Software, hardware remained sluggish in Q2

Oracle beat analysts' estimates for once for the second quarter of its fiscal 2015, with an earnings report that otherwise showed only modest results.

The database giant's total revenues of $9.6bn for the three months that ended on November 30 were better than expected, but still only amounted to 3.5 per cent year-on-year growth.

Oracle managed to post earnings of $0.69 per diluted share, which was about a penny better than the average Wall Street estimate. But its net income was down 2 per cent annually, to $2.5bn, as it was buffeted by both a weakened dollar and less-than-stellar sales overall.

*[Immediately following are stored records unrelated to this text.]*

text \<open>b_{k,i} = |Theta_1 ... Theta_k e_i| (1-based i, e_i = unit_vec n (i-1)).\<close>
definition bval :: "nat \<Rightarrow> (nat \<Rightarrow> int) \<Rightarrow> (nat \<Rightarrow> int) \<Rightarrow> nat \<Rightarrow> nat \<Rightarrow> int" where
  "bval n a c k i = vsum (thetaProd n a c k *\<^sub>v unit_vec n (i - 1))"

end

theory Submission
  imports Defs
begin

text \<open>
  Let x_k(s) be the s-th column sum of Theta_1 \<cdots> Theta_k, so that b_{k,s} = x_k(s) and, as
  row vectors, x_{k+1} = x_k Theta_{k+1}. The first column of Theta_{a,c} has ones in rows 1 and n
  and zeros elsewhere, so x_{k+1}(1) = x_k(1) + x_k(n). The last column has c + 1 on the diagonal
  and entries at most c + 1, so (c_{k+1} + 1) x_k(n) \<le> x_{k+1}(n) \<le> n (c_{k+1} + 1) max x_k.
  Every column of Theta_{a,c} sums to at most a + 2c + 2n + 3, which is at most 2a as soon as
  c \<ge> p^2, i.e. from the second factor on; hence max x_k \<le> 2 \<Prod> 2a_j, and the four bounds
  follow.
\<close>

definition col_sum :: "'a::comm_monoid_add mat \<Rightarrow> nat \<Rightarrow> 'a" where
  "col_sum A j = (\<Sum>i<dim_row A. A $$ (i, j))"

lemma col_sum_one_mat: "j < n \<Longrightarrow> col_sum (1\<^sub>m n :: 'a::semiring_1 mat) j = 1"
  unfolding col_sum_def by (simp add: sum.delta)

lemma col_sum_mult:
  fixes A B :: "'a::comm_semiring_0 mat"
  assumes "dim_col A = dim_row B" "j < dim_col B"
  shows "col_sum (A * B) j = (\<Sum>i<dim_col A. col_sum A i * B $$ (i, j))"
proof -
  have "col_sum (A * B) j = (\<Sum>l<dim_row A. \<Sum>i<dim_col A. A $$ (l, i) * B $$ (i, j))"
    unfolding col_sum_def using assms
    by (auto simp: scalar_prod_def lessThan_atLeast0 intro!: sum.cong)
  also have "\<dots> = (\<Sum>i<dim_col A. col_sum A i * B $$ (i, j))"
    unfolding col_sum_def by (subst sum.swap) (simp add: sum_distrib_right)
  finally show ?thesis .
qed

lemma col_sum_mult_ge:
  fixes A B :: "'a::linordered_semidom mat"
  assumes "dim_col A = dim_row B" "j < dim_col B" "i < dim_col A"
    and "\<And>l. l < dim_col A \<Longrightarrow> 0 \<le> col_sum A l"
    and "\<And>l. l < dim_row B \<Longrightarrow> 0 \<le> B $$ (l, j)"
  shows "col_sum A i * B $$ (i, j) \<le> col_sum (A * B) j"
  unfolding col_sum_mult[OF assms(1,2)] using assms(1,3-5)
  by (intro member_le_sum) auto

lemma col_sum_mult_le:
  fixes A B :: "'a::linordered_semidom mat"
  assumes "dim_col A = dim_row B" "j < dim_col B"
    and "\<And>l. l < dim_col A \<Longrightarrow> 0 \<le> col_sum A l \<and> col_sum A l \<le> M"
    and "\<And>l. l < dim_row B \<Longrightarrow> 0 \<le> B $$ (l, j)"
  shows "col_sum (A * B) j \<le> M * col_sum B j"
  unfolding col_sum_mult[OF assms(1,2)] using assms(1,3,4)
  by (auto simp: col_sum_def sum_distrib_left intro!: sum_mono mult_right_mono)

lemma dim_Theta [simp]: "dim_row (Theta n a c) = n" "dim_col (Theta n a c) = n"
  unfolding Theta_def by simp_all

lemma dim_thetaProd [simp]: "dim_row (thetaProd n a c k) = n" "dim_col (thetaProd n a c k) = n"
  by (induction k) simp_all

lemma bval_eq_col_sum:
  "1 \<le> i \<Longrightarrow> i \<le> n \<Longrightarrow> bval n a c k i = col_sum (thetaProd n a c k) (i - 1)"
  unfolding bval_def vsum_def col_sum_def by (intro sum.cong) (auto simp: row_def)

lemma Theta_first_col: "j < n \<Longrightarrow> Theta n a c $$ (j, 0) = (if j = 0 \<or> j = n - 1 then 1 else 0)"
  unfolding Theta_def by auto

lemma Theta_nonneg: "0 \<le> a \<Longrightarrow> 0 \<le> c \<Longrightarrow> i < n \<Longrightarrow> j < n \<Longrightarrow> 0 \<le> Theta n a c $$ (i, j)"
  unfolding Theta_def by auto

lemma Theta_last_col_le: "1 \<le> c \<Longrightarrow> i < n \<Longrightarrow> Theta n a c $$ (i, n - 1) \<le> c + 1"
  unfolding Theta_def by auto

lemma Theta_last_last: "2 \<le> n \<Longrightarrow> Theta n a c $$ (n - 1, n - 1) = c + 1"
  unfolding Theta_def by auto

lemma col_sum_Theta_last_le:
  assumes "1 \<le> c" shows "col_sum (Theta n a c) (n - 1) \<le> int n * (c + 1)"
proof -
  have "col_sum (Theta n a c) (n - 1) \<le> of_nat (card {..<n}) * (c + 1)"
    unfolding col_sum_def dim_Theta using assms
    by (intro sum_bounded_above Theta_last_col_le) auto
  then show ?thesis by simp
qed

lemma col_sum_Theta_le:
  assumes "0 \<le> a" "0 \<le> c" "j < n"
  shows "col_sum (Theta n a c) j \<le> a + 2 * c + 2 * int n + 3"
proof -
  define t where "t = (if even j then j else j + 1)"
  define h where "h i = (if i = 0 then c + 1 else 0) + (if i = n - 1 then c + 1 else 0) + 2
    + (if i = t then a + 1 else 0)" for i
  \<comment> \<open>t is the only row of the form (0, \<dots>, a, a + 1, \<dots>, 0) meeting column j\<close>
  have "Theta n a c $$ (i, j) \<le> h i" if "i < n" for i
    using assms that unfolding Theta_def h_def t_def by (auto split: if_splits; presburger)
  then have "col_sum (Theta n a c) j \<le> sum h {..<n}"
    unfolding col_sum_def by (auto intro: sum_mono)
  also have "\<dots> \<le> a + 2 * c + 2 * int n + 3"
    using assms unfolding h_def by (simp add: sum.distrib)
  finally show ?thesis .
qed

lemma col_sum_thetaProd_Suc:
  "j < n \<Longrightarrow> col_sum (thetaProd n a c (Suc k)) j
    = (\<Sum>i<n. col_sum (thetaProd n a c k) i * Theta n (a (Suc k)) (c (Suc k)) $$ (i, j))"
  by (simp add: col_sum_mult)

lemma col_sum_thetaProd_first_Suc:
  assumes "2 \<le> n"
  shows "col_sum (thetaProd n a c (Suc k)) 0
    = col_sum (thetaProd n a c k) 0 + col_sum (thetaProd n a c k) (n - 1)"
proof -
  let ?x = "col_sum (thetaProd n a c k)"
  have "0 < n" using assms by simp
  then have "col_sum (thetaProd n a c (Suc k)) 0
      = (\<Sum>i<n. (if i = 0 then ?x i else 0) + (if i = n - 1 then ?x i else 0))"
    unfolding col_sum_thetaProd_Suc[OF \<open>0 < n\<close>] using assms
    by (intro sum.cong) (auto simp: Theta_first_col)
  then show ?thesis
    using assms by (simp add: sum.distrib)
qed

lemma col_sum_thetaProd_nonneg:
  assumes "\<And>j. 1 \<le> j \<Longrightarrow> 0 \<le> a j" "\<And>j. 1 \<le> j \<Longrightarrow> 0 \<le> c j" "s < n"
  shows "0 \<le> col_sum (thetaProd n a c k) s"
  using assms(3)
proof (induction k arbitrary: s)
  case 0
  then show ?case by (simp add: col_sum_one_mat)
next
  case (Suc k)
  then show ?case
    using assms(1,2) unfolding col_sum_thetaProd_Suc[OF Suc.prems]
    by (auto intro!: sum_nonneg mult_nonneg_nonneg Theta_nonneg)
qed

lemma col_sum_thetaProd_first_ge:
  assumes "2 \<le> n" "\<And>j. 1 \<le> j \<Longrightarrow> 0 \<le> a j" "\<And>j. 1 \<le> j \<Longrightarrow> 0 \<le> c j"
  shows "1 \<le> col_sum (thetaProd n a c k) 0"
proof (induction k)
  case 0
  then show ?case using assms(1) by (simp add: col_sum_one_mat)
next
  case (Suc k)
  moreover have "0 \<le> col_sum (thetaProd n a c k) (n - 1)"
    using assms by (intro col_sum_thetaProd_nonneg) auto
  ultimately show ?case
    unfolding col_sum_thetaProd_first_Suc[OF assms(1)] by simp
qed

lemma col_sum_thetaProd_last_ge:
  assumes "2 \<le> n" "\<And>j. 1 \<le> j \<Longrightarrow> 0 \<le> a j" "\<And>j. 1 \<le> j \<Longrightarrow> 0 \<le> c j"
  shows "(\<Prod>j = 1..k. c j + 1) \<le> col_sum (thetaProd n a c k) (n - 1)"
proof (induction k)
  case 0
  then show ?case using assms(1) by (simp add: col_sum_one_mat)
next
  case (Suc k)
  let ?x = "col_sum (thetaProd n a c k)"
  have "(\<Prod>j = 1..Suc k. c j + 1) = (c (Suc k) + 1) * (\<Prod>j = 1..k. c j + 1)"
    by (simp add: prod.cl_ivl_Suc)
  also have "\<dots> \<le> (c (Suc k) + 1) * ?x (n - 1)"
    using Suc assms by (simp add: mult_left_mono)
  also have "\<dots> = ?x (n - 1) * Theta n (a (Suc k)) (c (Suc k)) $$ (n - 1, n - 1)"
    unfolding Theta_last_last[OF assms(1)] by (rule mult.commute)
  also have "\<dots> \<le> col_sum (thetaProd n a c (Suc k)) (n - 1)"
    using assms col_sum_thetaProd_nonneg[of a c _ n k] unfolding thetaProd.simps
    by (intro col_sum_mult_ge) (auto intro!: Theta_nonneg)
  finally show ?case .
qed

lemma col_sum_thetaProd_le:
  assumes "\<And>j. 1 \<le> j \<Longrightarrow> 0 \<le> a j" "\<And>j. 1 \<le> j \<Longrightarrow> 0 \<le> c j" "s < n"
  shows "col_sum (thetaProd n a c k) s \<le> (\<Prod>j = 1..k. a j + 2 * c j + 2 * int n + 3)"
  using assms(3)
proof (induction k arbitrary: s)
  case 0
  then show ?case by (simp add: col_sum_one_mat)
next
  case (Suc k)
  let ?M = "\<Prod>j = 1..k. a j + 2 * c j + 2 * int n + 3"
  have "col_sum (thetaProd n a c (Suc k)) s \<le> ?M * col_sum (Theta n (a (Suc k)) (c (Suc k))) s"
    using Suc assms col_sum_thetaProd_nonneg[of a c _ n k] unfolding thetaProd.simps
    by (intro col_sum_mult_le) (auto intro!: Theta_nonneg)
  also have "\<dots> \<le> ?M * (a (Suc k) + 2 * c (Suc k) + 2 * int n + 3)"
    using Suc.prems assms
    by (intro mult_left_mono col_sum_Theta_le prod_nonneg) (auto simp: add_nonneg_nonneg)
  finally show ?case by (simp add: prod.cl_ivl_Suc)
qed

As in past quarters, Oracle's core software customer base remained loyal, with revenues from software license updates and product support growing by 5.6 per cent from the year-ago period, to $4.8bn.

But sales of new software licenses – which might be the best predictor of long-term growth for the software business – were down yet again. At just $2.0bn for the quarter, they shrank 3.6 per cent from a year ago, which was an even bigger dip than they took in Q1 of 2015.

The one bright spot in Oracle's software portfolio was its cloud business, which once again grew by double digits. Total cloud revenues were up 45 per cent, year-on-year, to $516m. Revenues for Oracle's PaaS and SaaS offerings accounted for $361m of that, which was a 39 per cent gain, while IaaS was up 60 per cent, to $155m.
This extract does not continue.